Mi aliento dibuja halos de vapor mientras camino hacia la parada del autobús, al tiempo que me permito mirar distraídamente hacia todos lados. Una extraña paz se ha instalado en mi cuerpo y no sé por qué. Todo el miedo que sentí ayer se ha esfumado y ahora me encuentro aquí, sin temerle a nada ni a nadie. Sin hacer otra cosa más que pensar en cuál será mi próximo movimiento y cuánto tardará alguien en encontrarme.
—¿A dónde crees que vas sin protección, Bess Marshall? —la familiar voz masculina a mis espaldas me pone la carne de gallina y, en ese momento, me giro sobre mis talones para toparme con la visión de Axel y Daialee de pie a pocos pasos de distancia de mí.
—¿Qué hacen aquí? —pregunto, al tiempo que un inexplicable alivio me recorre el cuerpo.
Daialee esboza una sonrisa fácil y hace una seña hacia el amuleto que llevo colgando en el cuello.
—Esa cosa no solo te oculta de los seres paranormales, sino que me permite rastrearte —dice. Suena más como la chica que conocí y menos como la adolescente asustada que fue ayer—. No íbamos a correr el riesgo de que no funcionara y te llevaran.
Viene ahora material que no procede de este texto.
lemma INF_other_canon_coeffs: "(INF u\<in>UNIV - {w}. A u + p * of_int u) = divisor_fun \<mu> p + d"
proof (rule cInf_eq_minimum)
  have shifted: "A (w + 1) + p * of_int (w + 1) = divisor_fun \<mu> p + (p - l)"
    "A (w - 1) + p * of_int (w - 1) = divisor_fun \<mu> p + (r - p)"
    using canon_coeff_slope_plus canon_coeff_slope_minus divisor_fun_on_gap[of l] divisor_fun_on_gap[of r]
      left_chip_less right_chip_greater by (simp_all add: algebra_simps)
  show "divisor_fun \<mu> p + d \<in> (\<lambda>u. A u + p * of_int u) ` (UNIV - {w})"
  proof (cases "p - l \<le> r - p")
    case True
    then have "divisor_fun \<mu> p + d = A (w + 1) + p * of_int (w + 1)"
      using shifted by (simp add: gap_radius_def)
    then show ?thesis
      by (intro image_eqI[of _ _ "w + 1"]) auto
  next
    case False
    then have "divisor_fun \<mu> p + d = A (w - 1) + p * of_int (w - 1)"
      using shifted by (simp add: gap_radius_def)
    then show ?thesis
      by (intro image_eqI[of _ _ "w - 1"]) auto
  qed
next
  fix t assume "t \<in> (\<lambda>u. A u + p * of_int u) ` (UNIV - {w})"
  then show "divisor_fun \<mu> p + d \<le> t"
    using canon_coeff_other_slope[of _ p] tent_vacant p_inside by auto
qed

definition relaxed_coeff :: "int \<Rightarrow> real" where
  "relaxed_coeff v = (if v = w then (INF u\<in>UNIV - {w}. A u + p * of_int u) - p * of_int w else A v)"

lemma G_op_vacant_eq: "G_op a b p F z = (INF v. relaxed_coeff v + z * of_int v)"
  using differentiable_at_vacant
  unfolding G_op_def Let_def local_slope_vacant relaxed_coeff_def by simp

lemma relaxed_coeff_slope: "relaxed_coeff w = divisor_fun \<mu> p + d - p * of_int w"
  by (simp add: relaxed_coeff_def INF_other_canon_coeffs)

lemma relaxed_coeff_lower:
  assumes "z \<in> {a..b}"
  shows "divisor_fun \<mu> z + tent z \<le> relaxed_coeff v + z * of_int v"
proof (cases "v = w")
  case True
  have "divisor_fun \<mu> z - z * of_int w \<le> divisor_fun \<mu> p - p * of_int w"
    using canon_coeff_lower[OF assms, of w] canon_coeff_slope by simp
  then show ?thesis
    using True tent_bounds(2)[of z] by (simp add: relaxed_coeff_slope)
next
  case False
  then show ?thesis
    using canon_coeff_other_slope[OF False assms] by (simp add: relaxed_coeff_def)
qed

lemma relaxed_coeff_attained_on_gap:
  assumes "l \<le> z" "z \<le> r"
  shows "\<exists>v. relaxed_coeff v + z * of_int v = divisor_fun \<mu> z + tent z"
proof -
  have z_lin: "divisor_fun \<mu> z = divisor_fun \<mu> p + of_int w * (z - p)"
    using assms by (rule divisor_fun_on_gap)
  have l_lin: "divisor_fun \<mu> l = divisor_fun \<mu> p + of_int w * (l - p)"
    and r_lin: "divisor_fun \<mu> r = divisor_fun \<mu> p + of_int w * (r - p)"
    using left_chip_less right_chip_greater
    by (auto intro!: divisor_fun_on_gap)
  have "tent z = min (z - l) (min d (r - z))"
    using assms gap_radius_pos by (simp add: tent_def)
  then consider "tent z = z - l" | "tent z = d" | "tent z = r - z"
    by linarith
  then show ?thesis
  proof cases
    case 1
    then have "relaxed_coeff (w + 1) + z * of_int (w + 1) = divisor_fun \<mu> z + tent z"
      using canon_coeff_slope_plus l_lin z_lin by (simp add: relaxed_coeff_def algebra_simps)
    then show ?thesis ..
  next
    case 2
    then have "relaxed_coeff w + z * of_int w = divisor_fun \<mu> z + tent z"
      using z_lin by (simp add: relaxed_coeff_slope algebra_simps)
    then show ?thesis ..
  next
    case 3
    then have "relaxed_coeff (w - 1) + z * of_int (w - 1) = divisor_fun \<mu> z + tent z"
      using canon_coeff_slope_minus r_lin z_lin by (simp add: relaxed_coeff_def algebra_simps)
    then show ?thesis ..
  qed
qed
En lo personal, los amuletos rastreadores me parecen bastante útiles. Ahora mismo puedo comprobar que lo son.
Una sonrisa tira de las comisuras de mis labios, al tiempo que Axel avanza con andar perezoso hacia mí.
—¿A dónde crees que vas sin mí, cariño? —dice, pero el alivio que se filtra en su voz es palpable.
«No esperaba encontrarte viva…», susurra la voz en mi cabeza.
Me encojo de hombros, en un gesto que pretende ser casual.
—Voy lejos de aquí —resuelvo.
—Lejos suena como un buen lugar —Daialee asiente detrás de Axel.
—Lejos suena bastante bien —Axel concuerda, y guarda silencio un momento antes de decir—: ¿Hay lugar en Lejos para una bruja irritante y un demonio sexy?
Algo dentro de mí se revuelve con violencia y, por un doloroso instante, no soy capaz de articular palabra alguna.
—Por supuesto que lo hay —digo, con la voz enronquecida por las emociones, y Axel esboza una sonrisa suave antes de ponerse de pie frente a mí y estirar una mano para revolver mi cabello.
Una sonrisa sesgada se dibuja en sus labios en ese momento y correspondo su gesto.
—Yo no voy a abandonarte, Bess —dice y su expresión se ensombrece un poco mientras habla. Mi corazón se estruja en ese momento, pero me las arreglo para esbozar una sonrisa aún más grande.
—Gracias —digo, y miro a Daialee solo para comprobar que realmente desea estar aquí.
Ella se limita a regalarme un asentimiento amable y tranquilizador. Entonces, toma una inspiración profunda.
—Vámonos de aquí —dice—. Lejos nos espera con ansias.